個別株は「高配当」と「身近な業種」が人気
続いて成長投資枠で買われた株式について見ていくと、上位10社すべてを国内企業が独占した(2025年12月分)。
投資家が銘柄を選ぶ基準として目立つのは「配当利回り」だ。上位10銘柄のうち、半数が配当利回り3%を超える銘柄であり、中には4%台の高配当株も3銘柄ランクインしている。値上がり益だけでなく、安定した収益(配当)を求めるニーズは根強いようだ。

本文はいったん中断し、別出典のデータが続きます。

lemma Jn_n_Cv_eq_initial_null_data:
  assumes C2: "C2_fun \<psi>" and wave: "\<forall>t s. box_g a \<psi> t s = 0"
    and N_C1: "C1_field N" and N_commutes: "\<forall>t s. \<forall>\<mu><2. lie_bracket d_tau N t s \<mu> = 0"
  shows "Jn a \<psi> N (n_Cv a) t s * exp (2 * a * s) =
    (N \<tau>0 s 0 - N \<tau>0 s 1) * ((pd \<psi> 0 \<tau>0 (s - t + \<tau>0) - pd \<psi> 1 \<tau>0 (s - t + \<tau>0))\<^sup>2 / 2)"
proof -
  have "pd \<psi> 0 t s - pd \<psi> 1 t s = pd \<psi> 0 \<tau>0 (s - t + \<tau>0) - pd \<psi> 1 \<tau>0 (s - t + \<tau>0)"
    using wave_pd_u_transport[OF C2 wave, where t = \<tau>0 and s = "s - t + \<tau>0" and h = "t - \<tau>0"] by simp
  moreover have "N t s \<mu> = N \<tau>0 s \<mu>" if "\<mu> < 2" for \<mu>
    using tau_invariant_if_commutes_d_tau[OF N_C1 N_commutes that] .
  ultimately show ?thesis
    unfolding Jn_n_Cv_eq by simp
qed

lemma region_flux_le_strip_integral:
  assumes C2: "C2_fun \<psi>" and wave: "\<forall>t s. box_g a \<psi> t s = 0"
    and N_C1: "C1_field N" and N_commutes: "\<forall>t s. \<forall>\<mu><2. lie_bracket d_tau N t s \<mu> = 0"
  shows "(\<integral>\<^sup>+ p \<in> Dplus a (Sigma_hyp \<tau>0 r) \<inter> D \<inter> {p. snd p \<le> r}.
            ennreal (Jn a \<psi> N (n_Cv a) (fst p) (snd p) * exp (2 * a * snd p)) \<partial>lborel)
    \<le> (\<integral>\<^sup>+ p. ennreal ((N \<tau>0 (snd p) 0 - N \<tau>0 (snd p) 1) *
            ((pd \<psi> 0 \<tau>0 (snd p - fst p + \<tau>0) - pd \<psi> 1 \<tau>0 (snd p - fst p + \<tau>0))\<^sup>2 / 2))
          * indicator {p. snd p \<le> r \<and> \<tau>0 + r \<le> fst p + snd p} p \<partial>lborel)"
proof (rule nn_integral_mono)
  fix p :: "real \<times> real"
  obtain t s where p: "p = (t, s)" by fastforce
  show "ennreal (Jn a \<psi> N (n_Cv a) (fst p) (snd p) * exp (2 * a * snd p))
        * indicator (Dplus a (Sigma_hyp \<tau>0 r) \<inter> D \<inter> {p. snd p \<le> r}) p
      \<le> ennreal ((N \<tau>0 (snd p) 0 - N \<tau>0 (snd p) 1) *
            ((pd \<psi> 0 \<tau>0 (snd p - fst p + \<tau>0) - pd \<psi> 1 \<tau>0 (snd p - fst p + \<tau>0))\<^sup>2 / 2))
          * indicator {p. snd p \<le> r \<and> \<tau>0 + r \<le> fst p + snd p} p"
    using Dplus_Sigma_hyp_le_null_coordinate[of t s a \<tau>0 r]
    by (auto simp: p indicator_def Jn_n_Cv_eq_initial_null_data[OF C2 wave N_C1 N_commutes, of _ _ \<tau>0])
qed
(* Let $G$ be a Garside group. Whether an element $g\in G$ is periodic does not depend on the choice of Garside structure on $G$ (i.e. for every $g\in G$ and every two Garside structures $(G,G_1^+,\Delta_1)$, $(G,G_2^+,\Delta_2)$, $g$ is periodic with respect to $\Delta_1$ iff it is periodic with respect to $\Delta_2$) if and only if the center $Z(G)$ is cyclic.
   Context: An atomic monoid is a monoid $M$ generated by its atoms (elements $a\ne1$ such that $a=bc$ implies $b=1$ or $c=1$) in which, for each $a\in M$, the supremum $\|a\|$ of lengths of expressions of $a$ as a product of atoms is finite. On $M$ define $a\le_L b$ iff $ac=b$ for some $c\in M$, and $a\le_R b$ iff $ca=b$ for some $c\in M$. A Garside monoid is an atomic monoid $M$ that is left and right cancellative, such that $(M,\le_L)$ and $(M,\le_R)$ are lattices, and containing an element $\Delta$ (a Garside element) such that (a) for each $a\in M$, $a\le_L\Delta$ iff $a\le_R\Delta$, and (b) the set $\{a\in M: a\le_L\Delta\}$ is finite and generates $M$. A Garside group is the group of fractions $G$ of a Garside monoid $M$; $M$ is identified with its image $G^+\subset G$, and $(G,G^+,\Delta)$ is a Garside structure on $G$. An element $g\in G$ is periodic with respect to $\Delta$ if either $g=1$ or $g^k$ and $\Delta^\ell$ are conjugate for some nonzero integers $k,\ell$. *)

theory Defs
  imports "HOL-Algebra.Algebra"
begin

text \<open>Garside structures on a group G (HOL-Algebra idiom). A positive monoid is
  represented by its image P, a submonoid of carrier G.\<close>

definition prod_list_in :: "('a, 'b) monoid_scheme \<Rightarrow> 'a list \<Rightarrow> 'a" where
  "prod_list_in G xs = foldr (\<lambda>x y. x \<otimes>\<^bsub>G\<^esub> y) xs \<one>\<^bsub>G\<^esub>"

definition ldiv_in :: "('a, 'b) monoid_scheme \<Rightarrow> 'a set \<Rightarrow> 'a \<Rightarrow> 'a \<Rightarrow> bool" where
  "ldiv_in G P a b \<longleftrightarrow> (\<exists>c\<in>P. a \<otimes>\<^bsub>G\<^esub> c = b)"

definition rdiv_in :: "('a, 'b) monoid_scheme \<Rightarrow> 'a set \<Rightarrow> 'a \<Rightarrow> 'a \<Rightarrow> bool" where
  "rdiv_in G P a b \<longleftrightarrow> (\<exists>c\<in>P. c \<otimes>\<^bsub>G\<^esub> a = b)"

definition atom_in :: "('a, 'b) monoid_scheme \<Rightarrow> 'a set \<Rightarrow> 'a \<Rightarrow> bool" where
  "atom_in G P a \<longleftrightarrow> a \<in> P \<and> a \<noteq> \<one>\<^bsub>G\<^esub> \<and>
     (\<forall>b\<in>P. \<forall>c\<in>P. a = b \<otimes>\<^bsub>G\<^esub> c \<longrightarrow> b = \<one>\<^bsub>G\<^esub> \<or> c = \<one>\<^bsub>G\<^esub>)"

業種もバラエティ豊かだ。銀行業と情報・通信業が各2銘柄、空運業、サービス業、機械、食料品、輸送用機器などが各1銘柄となっている。私たちが普段の生活で耳にする業界が並び、多様な分野に投資マネーが分散されている。
投資信託は「海外・インデックス」が主流
一方で投資信託に目を向けると、こちらは海外投資が主流のようだ。つみたて投資枠では上位10銘柄のうち7つが海外資産へ投資するものとなっている。さらに、つみたて投資枠の上位10銘柄はすべてインデックス型(指数連動型)だった。コストを抑えて世界経済の成長に期待するという投資家の姿が浮かび上がってくる。
一方の成長投資枠の投資信託については別の傾向が見えてくる。成長投資枠の買付上位10銘柄のうち、インデックス型は8銘柄と主流ながらも、プロの腕に期待するアクティブ型も2銘柄、選ばれている。
その理由は投資家の戦略の使い分けにあるのかもしれない。つみたて投資枠では低コストで安定運用できるインデックス型、成長投資枠ではより高いリターンを狙ってプロの銘柄選択力に期待するアクティブ型を組み合わせる。こうした「守り」と「攻め」の使い分けを実践する投資家が一定数いる可能性がある。成長投資枠の上限は年間240万円と、つみたて投資枠の2倍あり、アクティブ型の投資信託のラインアップも多い。そうした影響もあるだろう。